### What is required
Run through the data and copy out every line that mentions the word "obtain".

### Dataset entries
= = = = =

(* The same splitting for F_p1(1,i), written with the sums occurring in the statement; the
   weight n - m of the top even (resp. odd) index vanishes. *)
lemma form_p1_at_i_even:
  assumes n: "n = 2 * k" and k: "k \<ge> 2"
  shows "Re (form_p1_at_i n c) = (\<Sum>j = 0..k - 1. (-1) ^ j * real (n - 2 * j) * c (2 * j))"
    and "Im (form_p1_at_i n c)
           = (\<Sum>j = 0..k - 2. (-1) ^ j * real (n - 2 - 2 * j) * c (2 * j + 1)) + Im (form_at_i n c)"
proof -
  from k have "k = Suc (Suc (k - 2))" by simp
  then obtain k' where k': "k = Suc (Suc k')" by blast
  have "Re (form_p1_at_i n c) = (\<Sum>j<k + 1. (-1) ^ j * (real (n - 2 * j) * c (2 * j)))"
    unfolding form_p1_at_i_def by (rule form_at_i_even(1)[OF n])
  also have "\<dots> = (\<Sum>j = 0..k - 1. (-1) ^ j * real (n - 2 * j) * c (2 * j))"
    using n k' by (simp add: atLeast0AtMost lessThan_Suc_atMost[symmetric] mult.assoc)
  finally show "Re (form_p1_at_i n c) = (\<Sum>j = 0..k - 1. (-1) ^ j * real (n - 2 * j) * c (2 * j))" .
  have "Im (form_p1_at_i n c) = (\<Sum>j<k. (-1) ^ j * (real (n - (2 * j + 1)) * c (2 * j + 1)))"
    unfolding form_p1_at_i_def by (rule form_at_i_even(2)[OF n])
  also have "\<dots> = (\<Sum>j<k. (-1) ^ j * real (n - 2 - 2 * j) * c (2 * j + 1) + (-1) ^ j * c (2 * j + 1))"
    using n by (intro sum.cong) (auto simp: of_nat_diff algebra_simps)
  also have "\<dots> = (\<Sum>j<k. (-1) ^ j * real (n - 2 - 2 * j) * c (2 * j + 1)) + Im (form_at_i n c)"
    by (simp only: sum.distrib form_at_i_even(2)[OF n])
  also have "(\<Sum>j<k. (-1) ^ j * real (n - 2 - 2 * j) * c (2 * j + 1))
             = (\<Sum>j = 0..k - 2. (-1) ^ j * real (n - 2 - 2 * j) * c (2 * j + 1))"
    using n k' by (simp add: atLeast0AtMost lessThan_Suc_atMost[symmetric])
  finally show "Im (form_p1_at_i n c)
           = (\<Sum>j = 0..k - 2. (-1) ^ j * real (n - 2 - 2 * j) * c (2 * j + 1)) + Im (form_at_i n c)" .
qed

lemma form_p1_at_i_odd:
  assumes n: "n = 2 * k + 1" and k: "k \<ge> 1"
  shows "Re (form_p1_at_i n c)
           = (\<Sum>j = 0..k - 1. (-1) ^ j * real (n - 1 - 2 * j) * c (2 * j)) + Re (form_at_i n c)"
    and "Im (form_p1_at_i n c) = (\<Sum>j = 0..k - 1. (-1) ^ j * real (n - 1 - 2 * j) * c (2 * j + 1))"
proof -
  obtain k' where k': "k = Suc k'" using k by (cases k) auto
  have "Re (form_p1_at_i n c) = (\<Sum>j<k + 1. (-1) ^ j * (real (n - 2 * j) * c (2 * j)))"
    unfolding form_p1_at_i_def by (rule form_at_i_odd(1)[OF n])
  also have "\<dots> = (\<Sum>j<k + 1. (-1) ^ j * real (n - 1 - 2 * j) * c (2 * j) + (-1) ^ j * c (2 * j))"
    using n by (intro sum.cong) (auto simp: of_nat_diff algebra_simps)
  also have "\<dots> = (\<Sum>j<k + 1. (-1) ^ j * real (n - 1 - 2 * j) * c (2 * j)) + Re (form_at_i n c)"
    by (simp only: sum.distrib form_at_i_odd(1)[OF n])
  also have "(\<Sum>j<k + 1. (-1) ^ j * real (n - 1 - 2 * j) * c (2 * j))
             = (\<Sum>j = 0..k - 1. (-1) ^ j * real (n - 1 - 2 * j) * c (2 * j))"
    using n k' by (simp add: atLeast0AtMost lessThan_Suc_atMost[symmetric])
  finally show "Re (form_p1_at_i n c)
           = (\<Sum>j = 0..k - 1. (-1) ^ j * real (n - 1 - 2 * j) * c (2 * j)) + Re (form_at_i n c)" .
  have "Im (form_p1_at_i n c) = (\<Sum>j<k + 1. (-1) ^ j * (real (n - (2 * j + 1)) * c (2 * j + 1)))"
    unfolding form_p1_at_i_def by (rule form_at_i_odd(2)[OF n])
  also have "\<dots> = (\<Sum>j = 0..k - 1. (-1) ^ j * real (n - 1 - 2 * j) * c (2 * j + 1))"
    using n k' by (simp add: atLeast0AtMost lessThan_Suc_atMost[symmetric] mult.assoc)
  finally show "Im (form_p1_at_i n c) = (\<Sum>j = 0..k - 1. (-1) ^ j * real (n - 1 - 2 * j) * c (2 * j + 1))" .
qed

lemma alternating_sum_recursion:
  fixes f :: "nat \<Rightarrow> real"
  assumes rec: "f N = c + (\<Sum>j<N. (-1) ^ j * f (N - 1 - j))"
  shows "(\<Sum>j<N + 1. (-1) ^ j * f j) = (-1) ^ N * c"
proof -
  have reversed: "(\<Sum>j<N. (-1) ^ j * f (N - 1 - j)) = (\<Sum>j<N. (-1) ^ (N - 1 - j) * f j)"
  proof -
    have "(\<Sum>j<N. (-1) ^ j * f (N - 1 - j)) = (\<Sum>i<N. (\<lambda>j. (-1) ^ (N - 1 - j) * f j) (N - Suc i))"
    proof (rule sum.cong)
      fix i assume "i \<in> {..<N}"
      then have "N - 1 - (N - Suc i) = i" "N - Suc i = N - 1 - i" by auto
      then show "(-1) ^ i * f (N - 1 - i) = (\<lambda>j. (-1) ^ (N - 1 - j) * f j) (N - Suc i)" by (simp only:)
    qed simp
    also have "\<dots> = (\<Sum>j<N. (-1) ^ (N - 1 - j) * f j)" by (rule sum.nat_diff_reindex)
    finally show ?thesis .
  qed
  have sign: "(-1 :: real) ^ N * (-1) ^ (N - 1 - j) = - ((-1) ^ j)" if jN: "j < N" for j
  proof -
    obtain d where "N = Suc (j + d)" using less_imp_Suc_add[OF jN] by blast
    then show ?thesis by (simp add: power_add)
  qed
  have "(-1) ^ N * f N = (-1) ^ N * c + (\<Sum>j<N. ((-1) ^ N * (-1) ^ (N - 1 - j)) * f j)"
    by (subst rec, simp only: reversed) (simp add: sum_distrib_left distrib_left mult.assoc)
  also have "(\<Sum>j<N. ((-1) ^ N * (-1) ^ (N - 1 - j)) * f j) = - (\<Sum>j<N. (-1) ^ j * f j)"
    unfolding sum_negf[symmetric] by (rule sum.cong) (use sign in auto)
  finally show ?thesis by simp
qed

lemma form_at_i_constant_even:
  fixes a :: "nat \<Rightarrow> real"
  assumes n: "n = 2 * k" and k: "k \<ge> 2"
    and C1: "a (n - 1) = c1 + (\<Sum>j \<in> {j. 2 * j \<le> n - 3}. (-1) ^ j * a (n - 3 - 2 * j))"
    and C2: "a n = c2 + (\<Sum>j \<in> {j. 2 * j \<le> n - 2}. (-1) ^ j * a (n - 2 - 2 * j))"
  shows "form_at_i n a = Complex ((-1) ^ k * c2) ((-1) ^ (k + 1) * c1)"
proof (rule complex_eqI)
  have "{j. 2 * j \<le> n - 2} = {..<k}" using n k by auto
  moreover have "a (n - 2 - 2 * j) = a (2 * (k - 1 - j))" if "j < k" for j
    using n that by (intro arg_cong[where f=a]) linarith
  ultimately have "a (2 * k) = c2 + (\<Sum>j<k. (-1) ^ j * a (2 * (k - 1 - j)))"
    using C2 n by simp
  then have "(\<Sum>j<k + 1. (-1) ^ j * a (2 * j)) = (-1) ^ k * c2"
    by (rule alternating_sum_recursion[where f="\<lambda>j. a (2 * j)"])
  then show "Re (form_at_i n a) = Re (Complex ((-1) ^ k * c2) ((-1) ^ (k + 1) * c1))"
    by (simp add: form_at_i_even(1)[OF n])
  have "a (2 * (k - 1) + 1) = a (n - 1)"
    using n k by (intro arg_cong[where f=a]) linarith
  also have "\<dots> = c1 + (\<Sum>j \<in> {j. 2 * j \<le> n - 3}. (-1) ^ j * a (n - 3 - 2 * j))"
    by (rule C1)
  also have "{j. 2 * j \<le> n - 3} = {..<k - 1}"
    using n k by auto
  also have "(\<Sum>j<k - 1. (-1) ^ j * a (n - 3 - 2 * j)) = (\<Sum>j<k - 1. (-1) ^ j * a (2 * (k - 1 - 1 - j) + 1))"
    using n by (intro sum.cong refl arg_cong[where f="\<lambda>i. (-1) ^ _ * a i"]) auto
  finally have "a (2 * (k - 1) + 1) = c1 + (\<Sum>j<k - 1. (-1) ^ j * a (2 * (k - 1 - 1 - j) + 1))" .
  then have "(\<Sum>j<k - 1 + 1. (-1) ^ j * a (2 * j + 1)) = (-1) ^ (k - 1) * c1"
    by (rule alternating_sum_recursion)
  then show "Im (form_at_i n a) = Im (Complex ((-1) ^ k * c2) ((-1) ^ (k + 1) * c1))"
    using k by (simp add: form_at_i_even(2)[OF n] power_diff)
qed

lemma form_at_i_constant_odd:
  fixes a :: "nat \<Rightarrow> real"
  assumes n: "n = 2 * k + 1" and k: "k \<ge> 1"
    and C1: "a (n - 1) = c1 + (\<Sum>j \<in> {j. 2 * j \<le> n - 3}. (-1) ^ j * a (n - 3 - 2 * j))"
    and C2: "a n = c2 + (\<Sum>j \<in> {j. 2 * j \<le> n - 2}. (-1) ^ j * a (n - 2 - 2 * j))"
  shows "form_at_i n a = Complex ((-1) ^ k * c1) ((-1) ^ k * c2)"
proof (rule complex_eqI)
  have "{j. 2 * j \<le> n - 3} = {..<k}" using n k by auto
  moreover have "a (n - 3 - 2 * j) = a (2 * (k - 1 - j))" if "j < k" for j
    using n that by (intro arg_cong[where f=a]) linarith
  ultimately have "a (2 * k) = c1 + (\<Sum>j<k. (-1) ^ j * a (2 * (k - 1 - j)))"
    using C1 n by simp
  then have "(\<Sum>j<k + 1. (-1) ^ j * a (2 * j)) = (-1) ^ k * c1"
    by (rule alternating_sum_recursion[where f="\<lambda>j. a (2 * j)"])
  then show "Re (form_at_i n a) = Re (Complex ((-1) ^ k * c1) ((-1) ^ k * c2))"
    by (simp add: form_at_i_odd(1)[OF n])
  have "{j. 2 * j \<le> n - 2} = {..<k}" using n k by auto
  moreover have "a (n - 2 - 2 * j) = a (2 * (k - 1 - j) + 1)" if "j < k" for j
    using n that by (intro arg_cong[where f=a]) linarith
  ultimately have "a (2 * k + 1) = c2 + (\<Sum>j<k. (-1) ^ j * a (2 * (k - 1 - j) + 1))"
    using C2 n by simp
  then have "(\<Sum>j<k + 1. (-1) ^ j * a (2 * j + 1)) = (-1) ^ k * c2"
    by (rule alternating_sum_recursion[where f="\<lambda>j. a (2 * j + 1)"])
  then show "Im (form_at_i n a) = Im (Complex ((-1) ^ k * c1) ((-1) ^ k * c2))"
    by (simp add: form_at_i_odd(2)[OF n])
qed

lemma conservation_laws_even:
  fixes n :: nat and \<Omega> :: "(real \<times> real) set"
    and \<Lambda> :: "real \<Rightarrow> real \<Rightarrow> real" and a :: "nat \<Rightarrow> real \<Rightarrow> real \<Rightarrow> real"
    and c1 c2 :: real
  assumes n: "n = 2 * k" and n3: "n \<ge> 3"
    and op: "open \<Omega>"
    and Lpos: "\<forall>(x, y) \<in> \<Omega>. \<Lambda> x y > 0"
    and Lsm: "smooth_on \<Omega> \<Lambda>"
    and asm: "\<forall>i \<le> n. smooth_on \<Omega> (a i)"
    and PB: "\<forall>(x, y) \<in> \<Omega>. \<forall>p1 p2.
      poisson (\<lambda>x y p1 p2. (p1\<^sup>2 + p2\<^sup>2) / (2 * \<Lambda> x y))
              (\<lambda>x y p1 p2. \<Sum>i = 0..n. a i x y * p1 ^ (n - i) * p2 ^ i) x y p1 p2 = 0"
    and C1: "\<forall>(x, y) \<in> \<Omega>. a (n - 1) x y = c1 + (\<Sum>j \<in> {j. 2 * j \<le> n - 3}. (-1) ^ j * a (n - 3 - 2 * j) x y)"
    and C2: "\<forall>(x, y) \<in> \<Omega>. a n x y = c2 + (\<Sum>j \<in> {j. 2 * j \<le> n - 2}. (-1) ^ j * a (n - 2 - 2 * j) x y)"
  shows "let Se = (\<lambda>x y. \<Sum>j = 0..k - 1. (-1) ^ j * real (n - 2 * j) * a (2 * j) x y);
             So = (\<lambda>x y. \<Sum>j = 0..k - 2. (-1) ^ j * real (n - 2 - 2 * j) * a (2 * j + 1) x y)
         in \<forall>(x, y) \<in> \<Omega>.
            pdx (\<lambda>x y. Se x y * \<Lambda> x y) x y
            + pdy (\<lambda>x y. (- So x y + (-1) ^ (k + 1) * real (n - 1) * c1) * \<Lambda> x y) x y = 0
          \<and> pdx (\<lambda>x y. (So x y + (-1) ^ (k + 1) * c1) * \<Lambda> x y) x y
            + pdy (\<lambda>x y. (Se x y + (-1) ^ (k + 1) * real n * c2) * \<Lambda> x y) x y = 0"
proof -
  have k: "k \<ge> 2" using n n3 by simp
  define \<alpha> \<beta> where "\<alpha> = (-1) ^ k * c2" and "\<beta> = (-1) ^ (k + 1) * c1"
  define Se where "Se = (\<lambda>x y. \<Sum>j = 0..k - 1. (-1) ^ j * real (n - 2 * j) * a (2 * j) x y)"
  define So where "So = (\<lambda>x y. \<Sum>j = 0..k - 2. (-1) ^ j * real (n - 2 - 2 * j) * a (2 * j + 1) x y)"
  have const: "\<forall>(u, v) \<in> \<Omega>. form_at_i n (\<lambda>m. a m u v) = Complex \<alpha> \<beta>"
  proof (intro ballI, clarify)
    fix u v assume "(u, v) \<in> \<Omega>"
    with C1 C2 show "form_at_i n (\<lambda>m. a m u v) = Complex \<alpha> \<beta>"
      unfolding \<alpha>_def \<beta>_def by (intro form_at_i_constant_even[OF n k]) auto
  qed
  have Re_D: "Re (form_p1_at_i n (\<lambda>m. a m u v)) = Se u v" for u v
    unfolding Se_def by (rule form_p1_at_i_even(1)[OF n k])
  have Im_D: "Im (form_p1_at_i n (\<lambda>m. a m u v)) = So u v + \<beta>" if "(u, v) \<in> \<Omega>" for u v
    using form_p1_at_i_even(2)[OF n k] const that by (auto simp: So_def)
  have first: "divergence (\<lambda>x y. Se x y * \<Lambda> x y)
                         (\<lambda>x y. (- So x y + (-1) ^ (k + 1) * real (n - 1) * c1) * \<Lambda> x y) x y = 0"
    if xy: "(x, y) \<in> \<Omega>" for x y
    using n3 by (intro divergence_free_cong_open[OF op xy conservation_law(1)[OF op xy Lpos Lsm asm PB const]])
      (simp_all add: Re_D Im_D \<beta>_def of_nat_diff algebra_simps)
  have second: "divergence (\<lambda>x y. (So x y + (-1) ^ (k + 1) * c1) * \<Lambda> x y)
                         (\<lambda>x y. (Se x y + (-1) ^ (k + 1) * real n * c2) * \<Lambda> x y) x y = 0"
    if xy: "(x, y) \<in> \<Omega>" for x y
    by (intro divergence_free_cong_open[OF op xy conservation_law(2)[OF op xy Lpos Lsm asm PB const]])
      (simp_all add: Re_D Im_D \<alpha>_def \<beta>_def algebra_simps)
  show ?thesis
    unfolding Let_def using first second by (auto simp only: Se_def So_def divergence_def)
qed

= = = = =

### Solution for this task
  then obtain k' where k': "k = Suc (Suc k')" by blast
  obtain k' where k': "k = Suc k'" using k by (cases k) auto
    obtain d where "N = Suc (j + d)" using less_imp_Suc_add[OF jN] by blast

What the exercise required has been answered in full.